• [AIM OF THE EXERCISE] Whenever the word "real" turns up in a line below, that line should be copied.

──────── PROVIDED DATA ────────

lemma norm_orthonormal_mult:
  fixes G :: "real^'k^'n" and W :: "real^'m^'k"
  assumes G: "transpose G ** G = mat 1"
  shows "norm (G ** W) = norm W"
proof -
  have GGW: "transpose G ** (G ** W) = W"
    by (simp only: matrix_mul_assoc G matrix_mul_lid)
  have "(mat 1 - G ** transpose G) ** (G ** W) = G ** W - G ** (transpose G ** (G ** W))"
    by (simp only: matrix_diff_rdistrib matrix_mul_lid matrix_mul_assoc)
  then have "(mat 1 - G ** transpose G) ** (G ** W) = 0"
    by (simp only: GGW diff_self)
  then have "(norm (G ** W))\<^sup>2 = (norm W)\<^sup>2"
    using pythagoras_orthonormal_left[OF G, of "G ** W"] by (simp only: GGW norm_zero) simp
  then show ?thesis by (simp add: power2_eq_iff_nonneg)
qed

lemma diag_mat_mult_vec: "diag_mat d *v w = (\<chi> i. d i * w$i)"
  by (simp add: vec_eq_iff diag_mat_def matrix_vector_mult_def if_distrib if_distribR cong: if_cong)

lemma diag_mat_mult: "diag_mat a ** diag_mat b = diag_mat (\<lambda>i. a i * b i)"
proof -
  have "(\<Sum>j\<in>UNIV. (if i = j then a i else 0) * (if j = k then b j else 0))
      = (if i = k then a i * b i else 0)" for i k
    by (simp add: if_distrib[of "\<lambda>x. x * _"] sum.delta cong: if_cong)
  then show ?thesis by (simp add: vec_eq_iff diag_mat_def matrix_matrix_mult_def)
qed

lemma transpose_diag_mat: "transpose (diag_mat d) = diag_mat d"
  by (simp add: vec_eq_iff diag_mat_def transpose_def)

lemma invertible_diag_mat:
  assumes "\<And>i. d i \<noteq> 0"
  shows "invertible (diag_mat d)"
proof -
  have "diag_mat d ** diag_mat (\<lambda>i. 1 / d i) = mat 1"
    using assms by (simp add: diag_mat_mult) (simp add: diag_mat_def mat_def)
  then show ?thesis by (auto simp: invertible_right_inverse)
qed

lemma matrix_inv_inverse:
  fixes A :: "real^'n^'n"
  assumes "invertible A"
  shows "A ** matrix_inv A = mat 1" and "matrix_inv A ** A = mat 1"
  using someI_ex[OF assms[unfolded invertible_def]] by (simp_all add: matrix_inv_def)

lemma matrix_inv_unique:
  fixes A B :: "real^'n^'n"
  assumes AB: "A ** B = mat 1" and BA: "B ** A = mat 1"
  shows "matrix_inv A = B"
proof -
  have "invertible A" using AB BA by (auto simp: invertible_def)
  then have "B ** (A ** matrix_inv A) = B" by (simp add: matrix_inv_inverse)
  then show ?thesis by (simp add: matrix_mul_assoc BA)
qed

section \<open>Least singular values of the factors\<close>

(* For square K and a \<ge> 0 this says that the least singular value of K is at least a. *)
definition stretch_ge :: "real^'n^'m \<Rightarrow> real \<Rightarrow> bool" where
  "stretch_ge K a \<longleftrightarrow> (\<forall>w. a * norm w \<le> norm (K *v w))"

lemma stretch_ge_mono:
  assumes "stretch_ge K a" and "b \<le> a"
  shows "stretch_ge K b"
  using assms unfolding stretch_ge_def by (meson mult_right_mono norm_ge_zero order_trans)

lemma stretch_ge_nonpos: "a \<le> 0 \<Longrightarrow> stretch_ge K a"
  unfolding stretch_ge_def by (meson mult_nonpos_nonneg norm_ge_zero order_trans)

lemma stretch_ge_diag_mat:
  assumes "\<And>i. t \<le> d i" and "0 \<le> t"
  shows "stretch_ge (diag_mat d) t"
  unfolding stretch_ge_def
proof (intro allI scaled_norm_le_componentwise)
  fix w i
  show "t * norm (w$i) \<le> norm ((diag_mat d *v w)$i)"
    using order_trans[OF assms(2) assms(1)[of i]]
      mult_right_mono[OF assms(1)[of i] abs_ge_zero[of "w$i"]]
    by (simp add: diag_mat_mult_vec abs_mult)
qed (rule assms)

lemma norm_mult_ge_right:
  fixes Z :: "real^'k^'n" and W :: "real^'n^'m"
  assumes "stretch_ge (transpose Z) a" and "0 \<le> a"
  shows "a * norm W \<le> norm (W ** Z)"
  using assms unfolding stretch_ge_def
  by (intro scaled_norm_le_componentwise) (simp_all add: matrix_matrix_mult_row)

lemma norm_mult_ge_left:
  fixes Z :: "real^'k^'n" and W :: "real^'m^'k"
  assumes "stretch_ge Z a" and "0 \<le> a"
  shows "a * norm W \<le> norm (Z ** W)"
  using norm_mult_ge_right[where a = a and Z = "transpose Z" and W = "transpose W"] assms
  by (simp add: matrix_transpose_mul[symmetric] norm_transpose)

lemma norm_orthonormal_diag_mult_ge:
  fixes G :: "real^'k^'n" and W :: "real^'m^'k"
  assumes G: "transpose G ** G = mat 1" and s: "\<And>i. t \<le> s i" and t: "0 \<le> t"
  shows "t * norm W \<le> norm (G ** diag_mat s ** W)"
  using norm_mult_ge_left[OF stretch_ge_diag_mat[where d = s, OF s t] t, of W]
  by (simp add: norm_orthonormal_mult[OF G] flip: matrix_mul_assoc)

lemma scaled_norm_le_left_inverse:
  fixes B Bi :: "real^'k^'k"
  assumes Bi: "Bi ** B = mat 1" and e: "t * norm (Bi - mat 1) \<le> e" and t: "0 \<le> t"
  shows "t * norm w \<le> (t + e) * norm (B *v w)"
proof -
  have "w = B *v w + (Bi - mat 1) *v (B *v w)"
    by (simp add: matrix_vector_mult_diff_rdistrib matrix_vector_mul_assoc matrix_diff_rdistrib Bi)
  then have "norm w \<le> norm (B *v w) + norm (Bi - mat 1) * norm (B *v w)"
    by (metis norm_matrix_vector_mult_le norm_triangle_le add_left_mono)
  then have "t * norm w \<le> t * (norm (B *v w) + norm (Bi - mat 1) * norm (B *v w))"
    using t by (simp add: mult_left_mono)
  also have "\<dots> = t * norm (B *v w) + (t * norm (Bi - mat 1)) * norm (B *v w)"
    by (simp add: algebra_simps)
  also have "\<dots> \<le> t * norm (B *v w) + e * norm (B *v w)"
    using e by (simp add: mult_right_mono)
  also have "\<dots> = (t + e) * norm (B *v w)"
    by (simp add: algebra_simps)
  finally show ?thesis .
qed

(* G\<^sup>T K = diag s B + G\<^sup>T (K - G diag s B), and since B\<^sup>-\<^sup>1 is within e/t of the identity,
   diag s B stretches by at least t\<^sup>2/(t + e). *)
lemma stretch_ge_perturbed_factor:
  fixes G K :: "real^'k^'n" and B Bi :: "real^'k^'k"
  assumes G: "transpose G ** G = mat 1" and s: "\<And>i. t \<le> s i" and t: "0 < t"
    and Bi: "Bi ** B = mat 1"
    and K: "norm (K - G ** diag_mat s ** B) \<le> \<delta>" and e: "t * norm (Bi - mat 1) \<le> e"
  shows "stretch_ge (transpose G ** K) (t * t / (t + e) - \<delta>)"
  unfolding stretch_ge_def
proof
  fix w
  define R where "R = K - G ** diag_mat s ** B"
  have "transpose G ** K = diag_mat s ** B + transpose G ** R"
    by (simp add: R_def matrix_diff_ldistrib matrix_mul_assoc G)
  then have "(transpose G ** K) *v w = diag_mat s *v (B *v w) + transpose G *v (R *v w)"
    by (simp only: matrix_vector_mult_add_rdistrib matrix_vector_mul_assoc)
  then have split: "norm (diag_mat s *v (B *v w)) - norm (transpose G *v (R *v w))
      \<le> norm ((transpose G ** K) *v w)"
    by (metis norm_diff_ineq)
  have diag: "t * norm (B *v w) \<le> norm (diag_mat s *v (B *v w))"
    using stretch_ge_diag_mat[where d = s, OF s] t by (simp add: stretch_ge_def)
  have "norm (transpose G *v (R *v w)) \<le> norm R * norm w"
    using norm_transpose_orthonormal_mult_vec_le[OF G] norm_matrix_vector_mult_le order_trans by blast
  also have "\<dots> \<le> \<delta> * norm w" using K by (simp add: R_def mult_right_mono)
  finally have residual: "norm (transpose G *v (R *v w)) \<le> \<delta> * norm w" .
  have "t * norm w \<le> (t + e) * norm (B *v w)"
    using scaled_norm_le_left_inverse[OF Bi e] t by simp
  moreover have "0 < t + e"
    using t e by (smt (verit) mult_nonneg_nonneg norm_ge_zero)
  ultimately have "t * norm w / (t + e) \<le> norm (B *v w)"
    by (simp add: pos_divide_le_eq mult.commute)
  then have "t * t / (t + e) * norm w \<le> t * norm (B *v w)"
    using t mult_left_mono[of "t * norm w / (t + e)" "norm (B *v w)" t] by simp
  with split diag residual
  show "(t * t / (t + e) - \<delta>) * norm w \<le> norm ((transpose G ** K) *v w)"
    by (simp add: left_diff_distrib)
qed

lemma norm_transpose_factor_residual:
  "norm (transpose Y - V ** diag_mat s ** transpose C) = norm (Y - C ** (diag_mat s ** transpose V))"
proof -
  have "transpose (Y - C ** (diag_mat s ** transpose V)) = transpose Y - V ** diag_mat s ** transpose C"
    by (simp add: transpose_diff matrix_transpose_mul transpose_diag_mat matrix_mul_assoc)
  then show ?thesis by (metis norm_transpose)
qed

lemma scaled_norm_diff_mat1_le:
  fixes G K :: "real^'k^'n" and B :: "real^'k^'k"
  assumes G: "transpose G ** G = mat 1" and s: "\<And>i. t \<le> s i" and t: "0 \<le> t"
  shows "t * norm (B - mat 1) \<le> norm (K - G ** diag_mat s ** B) + norm (K - G ** diag_mat s)"
proof -
  have "t * norm (B - mat 1) \<le> norm (G ** diag_mat s ** (B - mat 1))"
    by (rule norm_orthonormal_diag_mult_ge[OF G s t])
  also have "G ** diag_mat s ** (B - mat 1) = (K - G ** diag_mat s) - (K - G ** diag_mat s ** B)"
    by (simp add: matrix_diff_ldistrib)
  also have "norm \<dots> \<le> norm (K - G ** diag_mat s) + norm (K - G ** diag_mat s ** B)"
    by (rule norm_triangle_ineq4)
  finally show ?thesis by simp
qed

────────

• [RESULT OF THE EXERCISE]
  fixes G :: "real^'k^'n" and W :: "real^'m^'k"
  fixes A :: "real^'n^'n"
  fixes A B :: "real^'n^'n"
definition stretch_ge :: "real^'n^'m \<Rightarrow> real \<Rightarrow> bool" where
  fixes Z :: "real^'k^'n" and W :: "real^'n^'m"
  fixes Z :: "real^'k^'n" and W :: "real^'m^'k"
  fixes G :: "real^'k^'n" and W :: "real^'m^'k"
  fixes B Bi :: "real^'k^'k"
  fixes G K :: "real^'k^'n" and B Bi :: "real^'k^'k"
  fixes G K :: "real^'k^'n" and B :: "real^'k^'k"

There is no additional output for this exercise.